EXERCISE
Gather all lines with "longlongrightarrow" from the records.

MATERIAL PROVIDED
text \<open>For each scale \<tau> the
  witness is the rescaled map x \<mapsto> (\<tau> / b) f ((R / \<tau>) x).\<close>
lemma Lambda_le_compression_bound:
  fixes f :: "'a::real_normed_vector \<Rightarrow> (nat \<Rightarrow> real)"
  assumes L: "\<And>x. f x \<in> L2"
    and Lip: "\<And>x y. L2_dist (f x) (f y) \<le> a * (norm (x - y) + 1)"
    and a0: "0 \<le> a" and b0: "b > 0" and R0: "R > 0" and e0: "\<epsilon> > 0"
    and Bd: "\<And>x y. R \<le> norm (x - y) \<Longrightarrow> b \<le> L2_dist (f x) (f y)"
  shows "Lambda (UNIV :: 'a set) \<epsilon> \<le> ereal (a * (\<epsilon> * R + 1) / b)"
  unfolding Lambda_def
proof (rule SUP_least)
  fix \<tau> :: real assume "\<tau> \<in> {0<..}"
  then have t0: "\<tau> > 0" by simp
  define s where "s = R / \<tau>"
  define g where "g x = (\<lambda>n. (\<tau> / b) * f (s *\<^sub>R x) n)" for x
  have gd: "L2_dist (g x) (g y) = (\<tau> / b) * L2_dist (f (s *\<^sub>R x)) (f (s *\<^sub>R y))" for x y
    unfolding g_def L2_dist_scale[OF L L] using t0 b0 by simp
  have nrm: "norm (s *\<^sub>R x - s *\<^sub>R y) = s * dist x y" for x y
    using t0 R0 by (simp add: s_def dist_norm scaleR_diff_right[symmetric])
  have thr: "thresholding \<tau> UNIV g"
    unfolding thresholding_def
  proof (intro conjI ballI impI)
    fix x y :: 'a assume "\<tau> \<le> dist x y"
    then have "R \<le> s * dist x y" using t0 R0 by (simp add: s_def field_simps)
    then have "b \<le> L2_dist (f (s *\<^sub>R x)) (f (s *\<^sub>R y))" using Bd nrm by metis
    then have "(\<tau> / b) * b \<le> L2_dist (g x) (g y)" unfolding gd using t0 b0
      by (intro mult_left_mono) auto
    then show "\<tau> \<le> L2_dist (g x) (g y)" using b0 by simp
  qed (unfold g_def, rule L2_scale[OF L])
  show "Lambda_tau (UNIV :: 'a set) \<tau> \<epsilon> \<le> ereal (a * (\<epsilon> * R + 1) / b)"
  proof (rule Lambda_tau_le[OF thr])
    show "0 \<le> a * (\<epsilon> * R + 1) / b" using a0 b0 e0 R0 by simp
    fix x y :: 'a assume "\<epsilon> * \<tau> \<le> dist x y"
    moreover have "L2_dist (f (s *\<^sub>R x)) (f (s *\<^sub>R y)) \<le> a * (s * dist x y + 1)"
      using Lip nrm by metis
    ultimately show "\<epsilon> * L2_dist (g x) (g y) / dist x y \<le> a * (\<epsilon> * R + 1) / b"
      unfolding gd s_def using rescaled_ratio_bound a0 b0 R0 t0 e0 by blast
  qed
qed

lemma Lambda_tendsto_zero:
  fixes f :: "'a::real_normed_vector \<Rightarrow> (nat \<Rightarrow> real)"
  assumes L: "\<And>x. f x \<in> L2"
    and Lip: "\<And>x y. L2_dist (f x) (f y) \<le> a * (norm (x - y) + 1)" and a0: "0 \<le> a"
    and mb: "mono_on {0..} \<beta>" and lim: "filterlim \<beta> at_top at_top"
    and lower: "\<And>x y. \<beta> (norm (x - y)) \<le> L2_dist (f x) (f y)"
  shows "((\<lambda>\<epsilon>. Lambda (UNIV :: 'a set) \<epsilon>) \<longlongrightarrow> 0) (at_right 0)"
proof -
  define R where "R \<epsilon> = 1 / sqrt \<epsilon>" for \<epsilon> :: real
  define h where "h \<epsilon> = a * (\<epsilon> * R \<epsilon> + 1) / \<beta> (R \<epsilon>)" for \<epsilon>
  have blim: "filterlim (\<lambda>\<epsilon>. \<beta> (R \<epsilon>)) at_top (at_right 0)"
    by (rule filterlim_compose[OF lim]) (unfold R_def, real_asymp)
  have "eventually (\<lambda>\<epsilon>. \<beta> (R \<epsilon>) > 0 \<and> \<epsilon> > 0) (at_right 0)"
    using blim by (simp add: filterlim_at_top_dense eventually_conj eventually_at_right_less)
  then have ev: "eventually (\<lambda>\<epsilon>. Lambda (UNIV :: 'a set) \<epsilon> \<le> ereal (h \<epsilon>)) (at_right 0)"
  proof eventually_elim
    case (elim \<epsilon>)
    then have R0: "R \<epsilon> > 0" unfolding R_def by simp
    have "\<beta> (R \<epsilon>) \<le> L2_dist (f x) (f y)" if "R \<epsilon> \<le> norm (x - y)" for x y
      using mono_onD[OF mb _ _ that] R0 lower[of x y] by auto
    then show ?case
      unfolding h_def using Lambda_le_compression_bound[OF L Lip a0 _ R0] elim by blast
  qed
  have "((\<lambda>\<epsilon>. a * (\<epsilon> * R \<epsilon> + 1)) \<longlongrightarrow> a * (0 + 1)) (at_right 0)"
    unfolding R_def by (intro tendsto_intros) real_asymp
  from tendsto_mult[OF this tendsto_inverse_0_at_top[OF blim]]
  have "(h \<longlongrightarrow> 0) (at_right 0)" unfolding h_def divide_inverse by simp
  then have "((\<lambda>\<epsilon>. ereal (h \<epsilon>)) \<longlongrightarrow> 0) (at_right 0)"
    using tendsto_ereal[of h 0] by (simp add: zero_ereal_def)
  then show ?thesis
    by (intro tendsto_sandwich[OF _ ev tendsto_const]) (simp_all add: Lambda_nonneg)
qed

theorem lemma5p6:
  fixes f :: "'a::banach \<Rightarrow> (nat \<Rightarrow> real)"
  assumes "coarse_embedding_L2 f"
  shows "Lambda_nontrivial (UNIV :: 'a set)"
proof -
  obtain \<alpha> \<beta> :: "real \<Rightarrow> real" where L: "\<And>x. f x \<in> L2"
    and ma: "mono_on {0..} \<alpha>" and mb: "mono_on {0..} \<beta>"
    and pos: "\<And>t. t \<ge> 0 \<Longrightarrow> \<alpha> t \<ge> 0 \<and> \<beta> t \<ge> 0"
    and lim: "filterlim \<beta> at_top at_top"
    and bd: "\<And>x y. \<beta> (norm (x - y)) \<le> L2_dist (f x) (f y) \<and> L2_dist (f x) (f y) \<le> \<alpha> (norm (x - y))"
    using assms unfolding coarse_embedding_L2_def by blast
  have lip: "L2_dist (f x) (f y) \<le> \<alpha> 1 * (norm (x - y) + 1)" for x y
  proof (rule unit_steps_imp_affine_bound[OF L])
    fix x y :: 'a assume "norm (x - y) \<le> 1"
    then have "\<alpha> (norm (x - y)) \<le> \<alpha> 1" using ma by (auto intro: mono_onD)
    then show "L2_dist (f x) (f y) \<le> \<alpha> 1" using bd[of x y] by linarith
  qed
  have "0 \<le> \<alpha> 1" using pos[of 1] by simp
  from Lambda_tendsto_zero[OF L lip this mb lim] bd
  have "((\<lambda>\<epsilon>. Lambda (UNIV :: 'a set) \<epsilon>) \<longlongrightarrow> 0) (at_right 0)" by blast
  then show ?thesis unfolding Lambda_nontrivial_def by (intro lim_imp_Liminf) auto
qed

REPLY TO THE TASK
  shows "((\<lambda>\<epsilon>. Lambda (UNIV :: 'a set) \<epsilon>) \<longlongrightarrow> 0) (at_right 0)"
  have "((\<lambda>\<epsilon>. a * (\<epsilon> * R \<epsilon> + 1)) \<longlongrightarrow> a * (0 + 1)) (at_right 0)"
  have "(h \<longlongrightarrow> 0) (at_right 0)" unfolding h_def divide_inverse by simp
  then have "((\<lambda>\<epsilon>. ereal (h \<epsilon>)) \<longlongrightarrow> 0) (at_right 0)"
  have "((\<lambda>\<epsilon>. Lambda (UNIV :: 'a set) \<epsilon>) \<longlongrightarrow> 0) (at_right 0)" by blast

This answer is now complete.